Despite its huge land mass, which makes up 30% of South Africa, the province has a population of just one million – 2% of the country. And much of the wealth created in the Northern Cape does not benefit the local population. “We call this province the ‘Cinderella’ province because its potential is always underrated,” Ahmed explains. “We generate huge export revenues from these mines yet everything recognised in Gauteng, because all the head offices are based there.”

“Perhaps the Northern Cape’s biggest challenge”, according to Ahmed, “is the usual South African story. Not enough value addition or beneficiation is done in this country or province. Any beneficiation is done in the historic industrial hubs such as Gauteng, Western Cape and KZN. This leaves the Northern Cape as a primary industry province, which focuses on mining and agriculture with almost no processing and manufacturing.”

“Part of the problem is that the province does not have a strong enough secondary industry, especially when it comes to manufacturing”, he says. "Which makes it difficult for the IDC to convince foreign companies to establish manufacturing facilities in the province.”

And this ties in with the fact that the province does not produce as many entrepreneurs as it should. There are very capable entrepreneurs in the province, but Ahmed believes that a more conducive environment and risk taking can propel local businesses to greater heights.

Passion for the Northern Cape

Ahmed was born and raised in Carnarvon, a Karoo town in the southern part of Northern Cape. He left to study in Cape Town, before joining the IDC, 18 years ago. “I am from this province. That is why I returned to establish the regional office in 2008, in order to make a difference.”

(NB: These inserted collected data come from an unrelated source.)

(* Let $q$ be a prime number and $l$ a positive integer. Then $\dfrac{1}{q^{s-1}}\in\mathbb{Q}\text{-}\mathcal{KS}(q^{l})$ for every positive integer $s$ dividing $l-1$.
   Context: Every nonzero rational $\alpha$ is written $\alpha=\alpha_1/\alpha_2$ with $\alpha_1\in\mathbb{Z}$, $\alpha_2$ a positive integer and $\gcd(\alpha_1,\alpha_2)=1$. For an integer $N\ge 2$ and a nonzero rational $\alpha=\alpha_1/\alpha_2$, $N$ is called an $\alpha$-Korselt number if $N\neq\alpha$ and $\alpha_2p-\alpha_1$ divides $\alpha_2N-\alpha_1$ (in $\mathbb{Z}$) for every prime divisor $p$ of $N$. $\mathbb{Q}\text{-}\mathcal{KS}(N)$ is the set of all $\beta\in\mathbb{Q}\setminus\{0,N\}$ such that $N$ is a $\beta$-Korselt number. *)

theory Defs
  imports Complex_Main "HOL-Computational_Algebra.Primes"
begin

text \<open>A nonzero rational alpha is written alpha1/alpha2 in lowest terms with alpha2 > 0;
  this is exactly quotient_of alpha.\<close>

definition alpha_korselt :: "rat \<Rightarrow> nat \<Rightarrow> bool" where
  "alpha_korselt \<alpha> N \<longleftrightarrow>
     N \<ge> 2 \<and> \<alpha> \<noteq> 0 \<and> \<alpha> \<noteq> of_nat N \<and>
     (let (a1, a2) = quotient_of \<alpha> in
        \<forall>p. prime p \<and> p dvd N \<longrightarrow> (a2 * int p - a1) dvd (a2 * int N - a1))"

definition Q_KS :: "nat \<Rightarrow> rat set" where
  "Q_KS N = {\<beta>. \<beta> \<noteq> 0 \<and> \<beta> \<noteq> of_nat N \<and> alpha_korselt \<beta> N}"

end

theory Submission
  imports Defs
begin

text \<open>For \<open>\<alpha> = 1/q^(s-1)\<close> we have \<open>\<alpha>\<^sub>1 = 1\<close> and \<open>\<alpha>\<^sub>2 = q^(s-1)\<close>, and the only prime
  divisor of \<open>q^l\<close> is \<open>q\<close>. So the Korselt condition says that \<open>q^s - 1\<close> divides
  \<open>q^(s-1+l) - 1\<close>, which holds because \<open>s\<close> divides \<open>s - 1 + l = s + (l - 1)\<close>.\<close>

lemma quotient_of_inverse_of_int:
  assumes "b > 0"
  shows "quotient_of (1 / of_int b) = (1, b)"
proof -
  have "1 / of_int b = Fract 1 b"
    by (simp add: Fract_of_int_quotient)
  then show ?thesis
    using assms by (simp add: quotient_of_Fract normalize_def)
qed

lemma power_diff_1_dvd:
  fixes x :: "'a::comm_ring_1"
  assumes "s dvd n"
  shows "(x ^ s - 1) dvd (x ^ n - 1)"
proof -
  obtain m where "n = s * m"
    using assms by blast
  then have "x ^ n - 1 = (x ^ s - 1) * (\<Sum>i<m. (x ^ s) ^ i)"
    by (simp only: power_mult power_diff_1_eq)
  then show ?thesis
    by (rule dvdI)
qed

lemma power_pred_mult_diff_1_dvd:
  fixes x :: "'a::comm_ring_1"
  assumes "s > 0" and "l > 0" and "s dvd l - 1"
  shows "(x ^ (s - 1) * x - 1) dvd (x ^ (s - 1) * x ^ l - 1)"
proof -
  have "s - 1 + l = s + (l - 1)"
    using assms(1,2) by simp
  then have "s dvd s - 1 + l"
    using assms(3) by simp
  then have "(x ^ s - 1) dvd (x ^ (s - 1 + l) - 1)"
    by (rule power_diff_1_dvd)
  moreover have "x ^ (s - 1) * x = x ^ s"
    using assms(1) by (simp flip: power_Suc2)
  ultimately show ?thesis
    by (simp add: power_add)
qed

lemma prime_power_ge_2:
  assumes "prime (q::nat)" and "l > 0"
  shows "q ^ l \<ge> 2"
  using prime_ge_2_nat[OF assms(1)] self_le_power[of q l] assms(2) by linarith

lemma prime_dvd_prime_power_iff:
  assumes "prime (q::nat)" and "l > 0"
  shows "prime p \<and> p dvd q ^ l \<longleftrightarrow> p = q"
  using assms prime_dvd_power primes_dvd_imp_eq by (metis dvd_power)

lemma alpha_korselt_prime_power_iff:
  assumes "prime q" and "l > 0" and "quotient_of \<alpha> = (a1, a2)"
  shows "alpha_korselt \<alpha> (q ^ l) \<longleftrightarrow>
           \<alpha> \<noteq> 0 \<and> \<alpha> \<noteq> of_nat (q ^ l) \<and> (a2 * int q - a1) dvd (a2 * int (q ^ l) - a1)"
  unfolding alpha_korselt_def assms(3) Let_def prod.case prime_dvd_prime_power_iff[OF assms(1,2)]
  using prime_power_ge_2[OF assms(1,2)] by simp

theorem proposition5p1:
  fixes q l s :: nat
  assumes "prime q" and "l > 0" and "s > 0" and "s dvd (l - 1)"
  shows "1 / (of_nat q) ^ (s - 1) \<in> Q_KS (q ^ l)"
proof -
  let ?\<alpha> = "1 / (of_nat q) ^ (s - 1) :: rat"
  have "q > 0"
    using assms(1) prime_gt_0_nat by blast
  then have "?\<alpha> \<noteq> 0" and "?\<alpha> \<le> 1"
    by simp_all
  moreover have "(of_nat (q ^ l) :: rat) \<ge> 2"
    using prime_power_ge_2[OF assms(1,2)] by (metis of_nat_le_iff of_nat_numeral)
  ultimately have "?\<alpha> \<noteq> of_nat (q ^ l)"
    by linarith
  have quot: "quotient_of ?\<alpha> = (1, int q ^ (s - 1))"
    using quotient_of_inverse_of_int[of "int q ^ (s - 1)"] \<open>q > 0\<close> by simp
  have "(int q ^ (s - 1) * int q - 1) dvd (int q ^ (s - 1) * int (q ^ l) - 1)"
    using power_pred_mult_diff_1_dvd[OF assms(3,2,4)] by simp
  then have "alpha_korselt ?\<alpha> (q ^ l)"
    using alpha_korselt_prime_power_iff[OF assms(1,2) quot] \<open>?\<alpha> \<noteq> 0\<close> \<open>?\<alpha> \<noteq> of_nat (q ^ l)\<close>
    by blast
  then show ?thesis
    unfolding Q_KS_def using \<open>?\<alpha> \<noteq> 0\<close> \<open>?\<alpha> \<noteq> of_nat (q ^ l)\<close> by blast
qed

end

Ahmed took the helm at an awkward time when due to the world recession, diamond and commodity prices fell and mining companies reduced output. Kimberley, where the IDC’s regional office is based, felt the full effect of the contraction of the diamond mining industry.

As regional manager, he hopes to prevent many mining towns from becoming ghost towns because of mine closures. He does not wish for a repeat of the time when major mining houses that dominated Kimberley and other mining towns downsized operations that left the local economy devastated.

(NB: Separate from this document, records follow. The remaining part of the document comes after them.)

lemma continuous_on_order_stats_density:
  "continuous_on ({0<..} \<times> {0<..} \<times> {0<..}) (order_stats_density n m \<theta>)"
proof -
  let ?A = "real (n - m) * \<theta>" and ?B = "real (n - m - 1) * \<theta>"
  have "continuous_on ({0<..} \<times> {0<..} \<times> {0<..}) (\<lambda>(x, y1, y2).
          \<theta> ^ Suc (m - 1) * x ^ (m - 1) * exp (- \<theta> * x) / fact (m - 1) *
          (?A * exp (- y1 * ?A)) * (?B * exp (- y2 * ?B)))"
    unfolding case_prod_beta by (intro continuous_intros) auto
  then show ?thesis
    by (rule continuous_on_eq) (auto simp: order_stats_density_def erlang_density_def exponential_density_def ac_simps)
qed

lemma distributed_order_stats_density_AE:
  assumes \<theta>: "0 < \<theta>" and m: "1 \<le> m" and n: "m + 2 \<le> n"
    and p: "distributed (sample_measure n \<theta>) lborel (\<lambda>\<omega>. (statX n m \<omega>, statY n m \<omega>)) (\<lambda>z. ennreal (p z))"
  shows "AE z in lborel. ennreal (p z) = ennreal (order_stats_density n m \<theta> z)"
proof -
  have p_meas[measurable]: "(\<lambda>z. ennreal (p z)) \<in> borel_measurable lborel"
    using p by (simp add: distributed_borel_measurable)
  have q_meas: "(\<lambda>z. ennreal (order_stats_density n m \<theta> z)) \<in> borel_measurable lborel"
    by measurable
  have "density lborel (\<lambda>z. ennreal (p z)) = density lborel (\<lambda>z. ennreal (order_stats_density n m \<theta> z))"
  proof (rule measure_eqI)
    fix A assume "A \<in> sets (density lborel (\<lambda>z. ennreal (p z)))"
    then have [measurable]: "A \<in> sets borel" by simp
    have "emeasure (density lborel (\<lambda>z. ennreal (p z))) A = (\<integral>\<^sup>+z. ennreal (p z) * indicator A z \<partial>lborel)"
      by (rule emeasure_density) measurable
    also have "\<dots> = (\<integral>\<^sup>+\<omega>. indicator A (statX n m \<omega>, statY n m \<omega>) \<partial>sample_measure n \<theta>)"
      using p by (rule distributed_nn_integral) measurable
    also have "\<dots> = (\<integral>\<^sup>+z. ennreal (order_stats_density n m \<theta> z) * indicator A z \<partial>lborel)"
      by (rule nn_integral_order_stats[OF \<theta> m n]) measurable
    also have "\<dots> = emeasure (density lborel (\<lambda>z. ennreal (order_stats_density n m \<theta> z))) A"
      by (rule emeasure_density[symmetric]) measurable
    finally show "emeasure (density lborel (\<lambda>z. ennreal (p z))) A =
                  emeasure (density lborel (\<lambda>z. ennreal (order_stats_density n m \<theta> z))) A" .
  qed simp
  then show ?thesis
    using sigma_finite_measure.density_unique_iff[OF sigma_finite_lborel p_meas q_meas] by simp
qed

text \<open>A density is only determined almost everywhere; continuity pins it down on the open orthant.\<close>

lemma continuous_density_eq_order_stats_density:
  fixes f :: "real \<Rightarrow> real \<Rightarrow> real \<Rightarrow> real"
  assumes \<theta>: "0 < \<theta>" and m: "1 \<le> m" and n: "m + 2 \<le> n" and f_nonneg: "\<And>x y1 y2. 0 \<le> f x y1 y2"
    and f: "distributed (sample_measure n \<theta>) lborel (\<lambda>\<omega>. (statX n m \<omega>, statY n m \<omega>))
          (\<lambda>(x, y1, y2). ennreal (f x y1 y2))"
    and f_cont: "continuous_on ({0<..} \<times> {0<..} \<times> {0<..}) (\<lambda>(x, y1, y2). f x y1 y2)"
    and pos: "0 < x" "0 < y1" "0 < y2"
  shows "f x y1 y2 = order_stats_density n m \<theta> (x, y1, y2)"
proof -
  let ?p = "\<lambda>(x, y1, y2). f x y1 y2"
  have "(\<lambda>(x, y1, y2). ennreal (f x y1 y2)) = (\<lambda>z. ennreal (?p z))"
    by (auto simp: fun_eq_iff)
  with f have "AE z in lborel. ennreal (?p z) = ennreal (order_stats_density n m \<theta> z)"
    by (intro distributed_order_stats_density_AE[OF \<theta> m n]) simp
  then have "AE z in lborel. z \<in> {0<..} \<times> {0<..} \<times> {0<..} \<longrightarrow> ?p z = order_stats_density n m \<theta> z"
    by eventually_elim (auto simp: f_nonneg order_stats_density_nonneg[OF \<theta>] split: prod.splits)
  moreover have "open ({0<..} \<times> {0<..} \<times> {0<..} :: (real \<times> real \<times> real) set)"
    by (intro open_Times open_greaterThan)
  ultimately have "?p (x, y1, y2) = order_stats_density n m \<theta> (x, y1, y2)"
    using pos by (intro continuous_on_ae_eq[OF _ f_cont continuous_on_order_stats_density]) auto
  then show ?thesis by simp
qed

section \<open>Gamma posterior and Pareto predictive density\<close>

text \<open>Substitute \<open>t = c u\<close> in Euler's integral for \<^const>\<open>Gamma\<close>.\<close>

lemma nn_integral_powr_exp:
  fixes a c :: real
  assumes a: "0 < a" and c: "0 < c"
  shows "(\<integral>\<^sup>+t. ennreal (indicator {0<..} t * (t powr (a - 1) * exp (- (c * t)))) \<partial>lborel) =
         ennreal (Gamma a / c powr a)"
proof -
  define g where "g t = indicator {0<..} t * (t powr (a - 1) * exp (- (c * t)))" for t :: real
  have [measurable]: "g \<in> borel_measurable borel" unfolding g_def by measurable
  have "ennreal (Gamma a) = (\<integral>\<^sup>+t. ennreal (indicator {0..} t * t powr (a - 1) / exp t) \<partial>lborel)"
    by (rule Gamma_conv_nn_integral_real[OF a])
  also have "\<dots> = ennreal c * (\<integral>\<^sup>+u. ennreal (indicator {0..} (c * u) * (c * u) powr (a - 1) / exp (c * u)) \<partial>lborel)"
    using nn_integral_real_affine[of "\<lambda>t. ennreal (indicator {0..} t * t powr (a - 1) / exp t)" c 0] c by simp
  also have "(\<integral>\<^sup>+u. ennreal (indicator {0..} (c * u) * (c * u) powr (a - 1) / exp (c * u)) \<partial>lborel) =
             (\<integral>\<^sup>+u. ennreal (c powr (a - 1)) * ennreal (g u) \<partial>lborel)"
    using AE_lborel_singleton[of 0]
  proof (rule nn_integral_cong_AE[OF eventually_mono])
    fix u :: real assume "u \<noteq> 0"
    then consider "0 < u" | "u < 0" by linarith
    then show "ennreal (indicator {0..} (c * u) * (c * u) powr (a - 1) / exp (c * u)) =
               ennreal (c powr (a - 1)) * ennreal (g u)"
    proof cases
      case 1
      then show ?thesis
        using c by (simp add: g_def powr_mult exp_minus field_simps flip: ennreal_mult)
    qed (use c in \<open>simp add: g_def zero_le_mult_iff indicator_def\<close>)
  qed
  also have "ennreal c * (\<integral>\<^sup>+u. ennreal (c powr (a - 1)) * ennreal (g u) \<partial>lborel) =
             ennreal (c powr a) * (\<integral>\<^sup>+u. ennreal (g u) \<partial>lborel)"
  proof -
    have "c * c powr (a - 1) = c powr a" using c by (simp add: powr_mult_base)
    then show ?thesis
      using c by (subst nn_integral_cmult) (measurable, simp add: mult.assoc[symmetric] flip: ennreal_mult)
  qed
  finally have "ennreal (Gamma a) = ennreal (c powr a) * (\<integral>\<^sup>+u. ennreal (g u) \<partial>lborel)" .
  then have "ennreal (1 / c powr a) * ennreal (Gamma a) = (\<integral>\<^sup>+u. ennreal (g u) \<partial>lborel)"
    using c by (simp add: mult.assoc[symmetric] flip: ennreal_mult)
  then show ?thesis
    using a c by (simp add: g_def less_imp_le flip: ennreal_mult)
qed

lemma set_integral_powr_exp:
  fixes a c :: real
  assumes a: "0 < a" and c: "0 < c"
  shows "(\<integral>t\<in>{0<..}. t powr (a - 1) * exp (- (c * t)) \<partial>lborel) = Gamma a / c powr a"
proof -
  have "has_bochner_integral lborel (\<lambda>t. indicator {0<..} t * (t powr (a - 1) * exp (- (c * t)))) (Gamma a / c powr a)"
    by (rule has_bochner_integral_nn_integral[OF _ _ _ nn_integral_powr_exp[OF a c]])
       (use a c in \<open>auto simp: less_imp_le\<close>)
  then show ?thesis
    unfolding set_lebesgue_integral_def by (simp add: has_bochner_integral_integral_eq)
qed

lemma set_integral_exponential_density_pair:
  assumes A: "0 < A" and B: "0 < B"
  shows "(\<integral>y\<in>{0<..} \<times> {0<..}. exponential_density A (fst y) * exponential_density B (snd y) \<partial>lborel) = 1"
proof -
  let ?e = "\<lambda>l t. indicator {0<..} t * exponential_density l t"
  have one: "(\<integral>\<^sup>+t. ennreal (?e l t) \<partial>lborel) = 1" if "0 < l" for l
  proof -
    have "(\<integral>\<^sup>+t. ennreal (?e l t) \<partial>lborel) = (\<integral>\<^sup>+t. ennreal (exponential_density l t) \<partial>lborel)"
      using AE_lborel_singleton[of 0]
      by (rule nn_integral_cong_AE[OF eventually_mono]) (auto simp: indicator_def exponential_density_def)
    then show ?thesis
      using nn_integral_erlang_ith_moment[OF that, of 0 0] by simp
  qed
  define g where "g y = indicator ({0<..} \<times> {0<..}) y * (exponential_density A (fst y) * exponential_density B (snd y))"
    for y :: "real \<times> real"
  have [measurable]: "g \<in> borel_measurable borel"
    unfolding g_def by (subst borel_prod[symmetric]) measurable
  have "(\<integral>\<^sup>+y. ennreal (g y) \<partial>lborel) = (\<integral>\<^sup>+y1. \<integral>\<^sup>+y2. ennreal (g (y1, y2)) \<partial>lborel \<partial>lborel)"
    by (rule nn_integral_lborel_pair) measurable
  also have "\<dots> = (\<integral>\<^sup>+y1. ennreal (?e A y1) * (\<integral>\<^sup>+y2. ennreal (?e B y2) \<partial>lborel) \<partial>lborel)"
    using A B
    by (intro nn_integral_cong, subst nn_integral_cmult[symmetric])
       (measurable, auto intro!: nn_integral_cong simp: g_def indicator_def exponential_density_nonneg simp flip: ennreal_mult)
  also have "\<dots> = 1"
    using one[OF A] one[OF B] by simp
  finally have "has_bochner_integral lborel g 1"
    by (intro has_bochner_integral_nn_integral) (use A B in \<open>auto simp: g_def exponential_density_nonneg\<close>)
  then show ?thesis
    unfolding set_lebesgue_integral_def g_def by (simp add: has_bochner_integral_integral_eq)
qed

Yet while some mining towns in the province are slowly becoming ghost towns, other towns such as Kathu, Kuruman, Postmasburg and Hotazel are growing rapidly due to the iron ore and manganese mining expansions. These towns have attracted retailers, mining services and hospitality companies looking to capitalise on the mining boom.

Future plans

The Presidential Infrastructure Co-ordinating Commission (PICC), has appointed the IDC as coordinator for the Northern Cape-Saldanha Corridor and Green Industries both strategic infrastructure projects (SIP5 and SIP8). SIP5 links the Sishen mine to the Saldanha Bay Industrial Development Zone, along the iron ore railway line. Ahmed says this allows the province to find ways of unlocking business potential in the development zone.

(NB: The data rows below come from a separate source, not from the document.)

lemma koszul_solutionI:
  assumes X: "vfS1 X" and Y: "vfS1 Y" and W: "vfS1 W"
    and pointwise: "\<And>x. 2 * inertia a b W x = inertia a b (vf_bracket X Y) x
       + 2 * deriv X x * inertia a b Y x + X x * inertia a b (deriv Y) x
       + 2 * deriv Y x * inertia a b X x + Y x * inertia a b (deriv X) x"
  shows "koszul_solution a b X Y W"
  unfolding koszul_solution_def
proof (intro conjI allI impI W)
  fix z assume z: "vfS1 z"
  note w = vfS1_C1_periodic_derivs[OF W] and zz = vfS1_C1_periodic_derivs[OF z]
  define F where "F X Y x = 2 * deriv X x * inertia a b Y x + X x * inertia a b (deriv Y) x"
    for X Y :: "real \<Rightarrow> real" and x
  have cont: "continuous_on UNIV (inertia a b f)" "continuous_on UNIV (F f g)"
    if "vfS1 f" "vfS1 g" for f g
    unfolding F_def
    by (intro continuous_intros C1_periodic_continuous deriv_inertia(2) vfS1_deriv that
        vfS1_C1_periodic_derivs(1,2)[OF that(1)])+
  have bracket_cont: "continuous_on UNIV (inertia a b (vf_bracket X Y))"
    using C1_periodic_continuity[OF C1_periodic_vf_bracket(1)[OF X Y]]
      C1_periodic_continuity[OF C1_periodic_vf_bracket(2)[OF X Y]]
    unfolding inertia_def by (intro continuous_intros)
  have "2 * H1_inner a b W z = integral {0..1} (\<lambda>x. 2 * (inertia a b W x * z x))"
    using H1_inner_eq_integral_inertia[OF w(1,2) zz(1)] by simp
  also have "\<dots> = integral {0..1} (\<lambda>x. inertia a b (vf_bracket X Y) x * z x
      + z x * F X Y x + z x * F Y X x)"
    using pointwise unfolding F_def by (intro integral_cong) (simp add: algebra_simps)
  also have "\<dots> = integral {0..1} (\<lambda>x. inertia a b (vf_bracket X Y) x * z x)
      + integral {0..1} (\<lambda>x. z x * F X Y x) + integral {0..1} (\<lambda>x. z x * F Y X x)"
    using cont[OF X Y] cont[OF Y X] bracket_cont C1_periodic_continuous[OF zz(1)]
    by (simp add: integral_add integrable_on_unit_interval continuous_intros)
  also have "\<dots> = H1_inner a b (vf_bracket X Y) z - H1_inner a b (vf_bracket X z) Y
      - H1_inner a b (vf_bracket Y z) X"
    using H1_inner_eq_integral_inertia[OF C1_periodic_vf_bracket[OF X Y] zz(1)]
      H1_inner_bracket_eq_integral[OF X Y z] H1_inner_bracket_eq_integral[OF Y X z]
    unfolding F_def by simp
  finally show "2 * H1_inner a b W z = H1_inner a b (vf_bracket X Y) z
      - H1_inner a b (vf_bracket X z) Y - H1_inner a b (vf_bracket Y z) X" .
qed
(* Let $n\ge1$, $\eta>0$, $C\in\mathbb{R}_+^{n\times n}$, $q'\in\Delta_n$ and $p'\in\Delta_n$ with all entries positive. For $i=1,\dots,n$ define $\phi_i:\mathbb{R}^n\to\mathbb{R}$ by $$\phi_i(\lambda)=np_i'\Big[-\langle q',\lambda\rangle-\eta\log p_i'+\eta\log\Big(\sum_{j=1}^n\exp((\lambda_j-C_{i,j}-\eta)/\eta)\Big)+\eta\Big].$$ Then $\phi_i$ is $\frac{np_i'}{\eta}$-smooth w.r.t. $\|\cdot\|_2$ and $\frac{5np_i'}{\eta}$-smooth w.r.t. $\|\cdot\|_\infty$.
   Context: $\Delta_n=\{a\in\mathbb{R}_+^n: a^T\mathbf 1=1\}$. A convex differentiable function $g$ is $\beta$-smooth w.r.t. a norm $\|\cdot\|_H$ if $\|\nabla g(x)-\nabla g(y)\|_{H,*}\le\beta\|x-y\|_H$ for all $x,y$, where $\|u\|_{H,*}=\max\{\langle u,v\rangle:\|v\|_H\le1\}$ (so the dual norm of $\|\cdot\|_\infty$ is $\|\cdot\|_1$). *)

theory Defs
  imports "HOL-Analysis.Analysis"
begin

definition dual_norm :: "('a::real_inner \<Rightarrow> real) \<Rightarrow> 'a \<Rightarrow> real" where
  "dual_norm N u = Sup {u \<bullet> v | v. N v \<le> 1}"

definition beta_smooth_wrt ::
  "('a::euclidean_space \<Rightarrow> real) \<Rightarrow> real \<Rightarrow> ('a \<Rightarrow> real) \<Rightarrow> bool" where
  "beta_smooth_wrt N \<beta> g \<longleftrightarrow>
     convex_on UNIV g \<and>
     (\<exists>G. (\<forall>x. (g has_derivative (\<lambda>h. G x \<bullet> h)) (at x)) \<and>
          (\<forall>x y. dual_norm N (G x - G y) \<le> \<beta> * N (x - y)))"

Together with Anglo American, the IDC is in the process of conducting a study into the feasibility of an industrial supplier park in Kathu. This is expected to kick start local manufacturing, he adds. “We want to ensure that after all the iron ore and manganese have been mined, that the local economy is sufficiently diversified to continue to flourish as the case with Johannesburg, a historic gold mining town.”